The first archaeological excavations at Zekreet took place in 1973–1974 by a team led by Beatrice de Cardi. Zekreet Fort was discovered during this period. The area was again excavated by a French team from 2002 to 2005 and the contents of this excavation were analyzed in 2006. The total area of the excavated site was 18000 m2.

Nineteenth-century ceramics have been discovered on site. Some of the pottery has been traced back to China.

==Visitor attractions==

===Zekreet Fort===
Zekreet Fort has been dated to the late 18th or early 19th century.

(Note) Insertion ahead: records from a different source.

definition pseudovariety :: "fsg set \<Rightarrow> bool" where
  "pseudovariety V \<longleftrightarrow>
     (\<forall>S\<in>V. is_fsg S)
   \<and> (\<forall>S\<in>V. \<forall>B. B \<subseteq> fst S \<longrightarrow> B \<noteq> {} \<longrightarrow> (\<forall>x\<in>B. \<forall>y\<in>B. snd S x y \<in> B)
        \<longrightarrow> (B, snd S) \<in> V)
   \<and> (\<forall>S\<in>V. \<forall>T h. is_fsg T \<longrightarrow> is_hom S T h \<longrightarrow> h ` fst S = fst T \<longrightarrow> T \<in> V)
   \<and> (\<forall>S\<in>V. \<forall>T\<in>V. prod_fsg S T \<in> V)"

definition nontrivial_pv :: "fsg set \<Rightarrow> bool" where
  "nontrivial_pv V \<longleftrightarrow> (\<exists>S\<in>V. card (fst S) \<ge> 2)"

fun weval :: "(nat \<Rightarrow> nat \<Rightarrow> nat) \<Rightarrow> (nat \<Rightarrow> nat) \<Rightarrow> nat list \<Rightarrow> nat" where
  "weval m f [] = undefined"
| "weval m f [a] = f a"
| "weval m f (a # b # w) = m (f a) (weval m f (b # w))"

text \<open>The languages of A^+ in the variety of rational languages corresponding to V
(Eilenberg): those recognised by a semigroup of V.\<close>

definition V_lang :: "fsg set \<Rightarrow> nat set \<Rightarrow> nat list set \<Rightarrow> bool" where
  "V_lang V A L \<longleftrightarrow> (\<exists>S\<in>V. \<exists>f. (\<forall>a\<in>A. f a \<in> fst S) \<and> (\<exists>P. P \<subseteq> fst S \<and>
      L = {w. w \<noteq> [] \<and> set w \<subseteq> A \<and> weval (snd S) f w \<in> P}))"

definition closed_under_concat :: "fsg set \<Rightarrow> bool" where
  "closed_under_concat V \<longleftrightarrow> (\<forall>A. finite A \<longrightarrow> A \<noteq> {} \<longrightarrow>
     (\<forall>L K. V_lang V A L \<longrightarrow> V_lang V A K \<longrightarrow> V_lang V A {u @ v |u v. u \<in> L \<and> v \<in> K}))"

section \<open>Free pro-V semigroup as X-ary implicit operations on V\<close>

definition valid_idx :: "fsg set \<Rightarrow> fsg \<times> ('x \<Rightarrow> nat) \<Rightarrow> bool" where
  "valid_idx V i \<longleftrightarrow> fst i \<in> V \<and> range (snd i) \<subseteq> fst (fst i)"

definition free_pro :: "fsg set \<Rightarrow> (fsg \<times> ('x \<Rightarrow> nat) \<Rightarrow> nat) set" where
  "free_pro V = {w. (\<forall>i. valid_idx V i \<longrightarrow> w i \<in> fst (fst i))
     \<and> (\<forall>i. \<not> valid_idx V i \<longrightarrow> w i = undefined)
     \<and> (\<forall>S T \<phi> h. S \<in> V \<longrightarrow> T \<in> V \<longrightarrow> range \<phi> \<subseteq> fst S \<longrightarrow> is_hom S T h
          \<longrightarrow> h (w (S, \<phi>)) = w (T, h \<circ> \<phi>))}"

The fort's shape is quadrangular with four circular watchtowers. At the time of its initial construction, the fort did not have any towers. The towers were instead added to each side in a reconstruction phase. Facilities for "debis" (date syrup) production are believed to have been at the site.

===Film city===

A replica city was built to the north of Zekreet for use in film production. It includes a large fort surrounded by palm trees.

===House of the imam===
The Qatar Museums Authority has started a project to repackage a house belonging to the former imam of Zekreet during the 1950s as a cultural venue where educational workshops are held. As part of the repackaging, a passage will be constructed from the building to Richard Serra's sculptures in Ras Abrouq.

===Zekreet Mosque===
Constructed in 1940, the Zekreet Mosque has long been considered a local landmark and has since been restored by Qatar Museums. The mosque features entrances along its northern and southern exterior walls. The entrance to the iwan of the qibla faces eastward. The mosque's iwans possess two window openings situated on the northern and southern exterior walls. The courtyard dimensions are 10.24 by 15.90 m. A designated area for ablution is located at the southeastern corner of the courtyard.

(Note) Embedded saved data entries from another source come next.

lemma affine_rescale_bounds:
  assumes "a \<le> x" "x < b" "c < d"
  shows "c \<le> affine_rescale a b c d x" "affine_rescale a b c d x < d"
proof -
  have "(x - a) * (d - c) < (d - c) * (b - a)"
    using assms by (simp add: mult.commute)
  then have "(x - a) * (d - c) / (b - a) < d - c"
    using assms by (simp add: pos_divide_less_eq)
  then show "affine_rescale a b c d x < d"
    unfolding affine_rescale_def by simp
qed (use assms in \<open>simp add: affine_rescale_def\<close>)

lemma affine_rescale_inverse:
  assumes "a < b" "c < d"
  shows "affine_rescale c d a b (affine_rescale a b c d x) = x"
  using assms by (simp add: affine_rescale_def)

lemma affine_rescale_shift:
  "affine_rescale a b c d y = affine_rescale a b c d x + (d - c) / (b - a) * (y - x)"
  unfolding affine_rescale_def by (simp add: algebra_simps add_divide_distrib[symmetric])

definition interval_partition :: "'k set \<Rightarrow> ('k \<Rightarrow> real) \<Rightarrow> ('k \<Rightarrow> real) \<Rightarrow> bool" where
  "interval_partition K l r \<longleftrightarrow>
     (\<forall>k\<in>K. l k < r k) \<and> (\<forall>x. \<exists>!k\<in>K. l k \<le> x \<and> x < r k)"

definition partition_index :: "'k set \<Rightarrow> ('k \<Rightarrow> real) \<Rightarrow> ('k \<Rightarrow> real) \<Rightarrow> real \<Rightarrow> 'k" where
  "partition_index K l r x = (THE k. k \<in> K \<and> l k \<le> x \<and> x < r k)"

definition piecewise_affine ::
    "'k set \<Rightarrow> ('k \<Rightarrow> real) \<Rightarrow> ('k \<Rightarrow> real) \<Rightarrow> ('k \<Rightarrow> real) \<Rightarrow> ('k \<Rightarrow> real) \<Rightarrow> real \<Rightarrow> real" where
  "piecewise_affine K l1 r1 l2 r2 x =
     (let k = partition_index K l1 r1 x in affine_rescale (l1 k) (r1 k) (l2 k) (r2 k) x)"

lemma interval_partition_less:
  "interval_partition K l r \<Longrightarrow> k \<in> K \<Longrightarrow> l k < r k"
  unfolding interval_partition_def by blast

lemma interval_partition_reindex:
  assumes "interval_partition K' l r" and "bij_betw \<sigma> K K'"
  shows "interval_partition K (l \<circ> \<sigma>) (r \<circ> \<sigma>)"
proof -
  have "\<exists>!k\<in>K. l (\<sigma> k) \<le> x \<and> x < r (\<sigma> k)" for x
  proof -
    have "\<exists>!k'\<in>K'. l k' \<le> x \<and> x < r k'"
      using assms(1) unfolding interval_partition_def by blast
    then show ?thesis
      using assms(2) unfolding bij_betw_def inj_on_def by blast
  qed
  moreover have "\<forall>k\<in>K. l (\<sigma> k) < r (\<sigma> k)"
    using assms by (metis bij_betwE interval_partition_less)
  ultimately show ?thesis
    unfolding interval_partition_def by simp
qed

lemma partition_index:
  assumes "interval_partition K l r"
  shows "partition_index K l r x \<in> K" "l (partition_index K l r x) \<le> x" "x < r (partition_index K l r x)"
proof -
  have "\<exists>!k. k \<in> K \<and> l k \<le> x \<and> x < r k"
    using assms unfolding interval_partition_def by blast
  then show "partition_index K l r x \<in> K" "l (partition_index K l r x) \<le> x" "x < r (partition_index K l r x)"
    unfolding partition_index_def by (metis (mono_tags, lifting) theI')+
qed

lemma partition_index_eq:
  assumes "interval_partition K l r" "k \<in> K" "l k \<le> x" "x < r k"
  shows "partition_index K l r x = k"
proof -
  have "\<exists>!k. k \<in> K \<and> l k \<le> x \<and> x < r k"
    using assms unfolding interval_partition_def by blast
  then show ?thesis
    unfolding partition_index_def using assms by (intro the1_equality) auto
qed

lemma piecewise_affine_eq:
  assumes "interval_partition K l1 r1" "k \<in> K" "l1 k \<le> x" "x < r1 k"
  shows "piecewise_affine K l1 r1 l2 r2 x = affine_rescale (l1 k) (r1 k) (l2 k) (r2 k) x"
  unfolding piecewise_affine_def partition_index_eq[OF assms] by simp

lemma piecewise_affine_inverse:
  assumes "interval_partition K l1 r1" "interval_partition K l2 r2"
  shows "piecewise_affine K l2 r2 l1 r1 (piecewise_affine K l1 r1 l2 r2 x) = x"
proof -
  define k where "k = partition_index K l1 r1 x"
  have k: "k \<in> K" "l1 k \<le> x" "x < r1 k"
    using partition_index[OF assms(1)] unfolding k_def by auto
  have less: "l1 k < r1 k" "l2 k < r2 k"
    using k(1) assms by (auto intro: interval_partition_less)
  have eq: "piecewise_affine K l1 r1 l2 r2 x = affine_rescale (l1 k) (r1 k) (l2 k) (r2 k) x"
    by (rule piecewise_affine_eq[OF assms(1) k])
  have "l2 k \<le> piecewise_affine K l1 r1 l2 r2 x" "piecewise_affine K l1 r1 l2 r2 x < r2 k"
    unfolding eq using k(2,3) less(2) by (rule affine_rescale_bounds)+
  then have "piecewise_affine K l2 r2 l1 r1 (piecewise_affine K l1 r1 l2 r2 x) =
      affine_rescale (l2 k) (r2 k) (l1 k) (r1 k) (piecewise_affine K l1 r1 l2 r2 x)"
    by (rule piecewise_affine_eq[OF assms(2) k(1)])
  also have "\<dots> = x"
    unfolding eq by (rule affine_rescale_inverse[OF less])
  finally show ?thesis .
qed

lemma right_affine_at_piecewise_affine:
  assumes "interval_partition K l1 r1" "interval_partition K l2 r2"
  shows "right_affine_at (piecewise_affine K l1 r1 l2 r2) x"
proof -
  define k where "k = partition_index K l1 r1 x"
  have k: "k \<in> K" "l1 k \<le> x" "x < r1 k"
    using partition_index[OF assms(1)] unfolding k_def by auto
  have "l1 k < r1 k" "l2 k < r2 k"
    using k(1) assms by (auto intro: interval_partition_less)
  then have slope: "0 < (r2 k - l2 k) / (r1 k - l1 k)"
    by simp
  have shift: "piecewise_affine K l1 r1 l2 r2 y =
      piecewise_affine K l1 r1 l2 r2 x + (r2 k - l2 k) / (r1 k - l1 k) * (y - x)"
    if "y \<in> {x..<x + (r1 k - x)}" for y
  proof -
    have "l1 k \<le> y" "y < r1 k"
      using that k by auto
    then have "piecewise_affine K l1 r1 l2 r2 y = affine_rescale (l1 k) (r1 k) (l2 k) (r2 k) y"
      by (rule piecewise_affine_eq[OF assms(1) k(1)])
    also have "\<dots> = affine_rescale (l1 k) (r1 k) (l2 k) (r2 k) x + (r2 k - l2 k) / (r1 k - l1 k) * (y - x)"
      by (rule affine_rescale_shift)
    also have "affine_rescale (l1 k) (r1 k) (l2 k) (r2 k) x = piecewise_affine K l1 r1 l2 r2 x"
      by (rule piecewise_affine_eq[OF assms(1) k, symmetric])
    finally show ?thesis .
  qed
  have "0 < r1 k - x"
    using k(3) by simp
  then show ?thesis
    unfolding right_affine_at_def using slope shift by blast
qed

lemma homeomorphic_map_piecewise_affine:
  assumes "interval_partition K l1 r1" "interval_partition K l2 r2"
  shows "homeomorphic_map sorgenfrey_line sorgenfrey_line (piecewise_affine K l1 r1 l2 r2)"
proof (rule homeomorphic_map_sorgenfrey_if_right_affine)
  show "piecewise_affine K l2 r2 l1 r1 (piecewise_affine K l1 r1 l2 r2 x) = x" for x
    using assms by (rule piecewise_affine_inverse)
  show "piecewise_affine K l1 r1 l2 r2 (piecewise_affine K l2 r2 l1 r1 y) = y" for y
    using assms(2,1) by (rule piecewise_affine_inverse)
  show "right_affine_at (piecewise_affine K l1 r1 l2 r2) x" for x
    using assms by (rule right_affine_at_piecewise_affine)
  show "right_affine_at (piecewise_affine K l2 r2 l1 r1) y" for y
    using assms(2,1) by (rule right_affine_at_piecewise_affine)
qed

lemma piecewise_affine_left_endpoint:
  assumes "interval_partition K l1 r1" "k \<in> K"
  shows "piecewise_affine K l1 r1 l2 r2 (l1 k) = l2 k"
  using assms piecewise_affine_eq[OF assms] interval_partition_less[OF assms]
  by (simp add: affine_rescale_def)

lemma interval_partitions_homeomorphic:
  assumes "interval_partition K l r" "interval_partition K' l' r'" "bij_betw \<sigma> K K'"
  obtains h where "homeomorphic_map sorgenfrey_line sorgenfrey_line h"
    "\<And>k. k \<in> K \<Longrightarrow> h (l k) = l' (\<sigma> k)"
proof
  have "interval_partition K (l' \<circ> \<sigma>) (r' \<circ> \<sigma>)"
    using assms(2,3) by (rule interval_partition_reindex)
  then show "homeomorphic_map sorgenfrey_line sorgenfrey_line (piecewise_affine K l r (l' \<circ> \<sigma>) (r' \<circ> \<sigma>))"
    using assms(1) by (simp add: homeomorphic_map_piecewise_affine)
  show "piecewise_affine K l r (l' \<circ> \<sigma>) (r' \<circ> \<sigma>) (l k) = l' (\<sigma> k)" if "k \<in> K" for k
    using assms(1) that by (simp add: piecewise_affine_left_endpoint)
qed

section \<open>Successor partitions\<close>

locale right_isolated_grid =
  fixes C :: "real set"
  assumes closed: "closed C"
    and Ints_subset: "\<int> \<subseteq> C"
    and right_isolated: "\<And>x. \<exists>e>0. {x<..<x+e} \<inter> C = {}"
begin

definition successor :: "real \<Rightarrow> real" where
  "successor c = Inf (C \<inter> {c<..})"

lemma
  shows successor_in: "successor c \<in> C"
    and less_successor: "c < successor c"
    and successor_le: "\<And>y. y \<in> C \<Longrightarrow> c < y \<Longrightarrow> successor c \<le> y"
proof -
  obtain e where e: "e > 0" "{c<..<c+e} \<inter> C = {}"
    using right_isolated by blast
  define S where "S = C \<inter> {c+e..}"
  have "C \<inter> {c<..} = S"
    unfolding S_def using e by force
  then have successor_S: "successor c = Inf S"
    unfolding successor_def by simp
  have "of_int (\<lfloor>c+e\<rfloor> + 1) \<in> S"
    unfolding S_def using Ints_subset by auto
  moreover have bdd: "bdd_below S"
    unfolding S_def by (rule bdd_belowI[of _ "c+e"]) auto
  moreover have "closed S"
    unfolding S_def using closed by (simp add: closed_Int)
  ultimately have "Inf S \<in> S"
    by (intro closed_contains_Inf) auto
  then show "successor c \<in> C" "c < successor c"
    unfolding successor_S S_def using e by auto
  fix y assume "y \<in> C" "c < y"
  then have "y \<in> S"
    using \<open>C \<inter> {c<..} = S\<close> by blast
  then show "successor c \<le> y"
    unfolding successor_S using bdd by (rule cInf_lower)
qed

lemma ex1_successor_interval: "\<exists>!c\<in>C. c \<le> x \<and> x < successor c"
proof -
  define T where "T = C \<inter> {..x}"
  have "of_int \<lfloor>x\<rfloor> \<in> T"
    unfolding T_def using Ints_subset by auto
  moreover have bdd: "bdd_above T"
    unfolding T_def by (rule bdd_aboveI[of _ x]) auto
  moreover have "closed T"
    unfolding T_def using closed by (simp add: closed_Int)
  ultimately have "Sup T \<in> T"
    by (intro closed_contains_Sup) auto
  moreover have "x < successor (Sup T)"
  proof (rule ccontr)
    assume "\<not> x < successor (Sup T)"
    then have "successor (Sup T) \<in> T"
      unfolding T_def using successor_in by auto
    then have "successor (Sup T) \<le> Sup T"
      using bdd by (rule cSup_upper)
    then show False
      using less_successor[of "Sup T"] by simp
  qed
  moreover have "c = d"
    if "c \<in> C" "c \<le> x" "x < successor c" "d \<in> C" "d \<le> x" "x < successor d" for c d
    using that successor_le[of c d] successor_le[of d c] by (cases c d rule: linorder_cases) auto
  ultimately show ?thesis
    unfolding T_def by blast
qed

The minaret, positioned at the northeastern corner of the courtyard, is built upon a small square base. An arched door, accessed by a step, leads to a spiral staircase ascending to the minaret's summit. The minaret is cylindrical, crowned by a low circular dome supported by six columns. The open iwan connects to the courtyard through seven square arches and spans 3.17 m meters in width, with an opening on each side. The enclosed iwan, or qibla iwan's area is roughly identical to that of the open iwan. The wall separating the open iwan from the enclosed iwan includes three doors, the central one facing the qibla. The badghirs of the open iwan have been sealed, the original doors have been replaced with metal ones, and the roof has been covered with corrugated sheet metal plates.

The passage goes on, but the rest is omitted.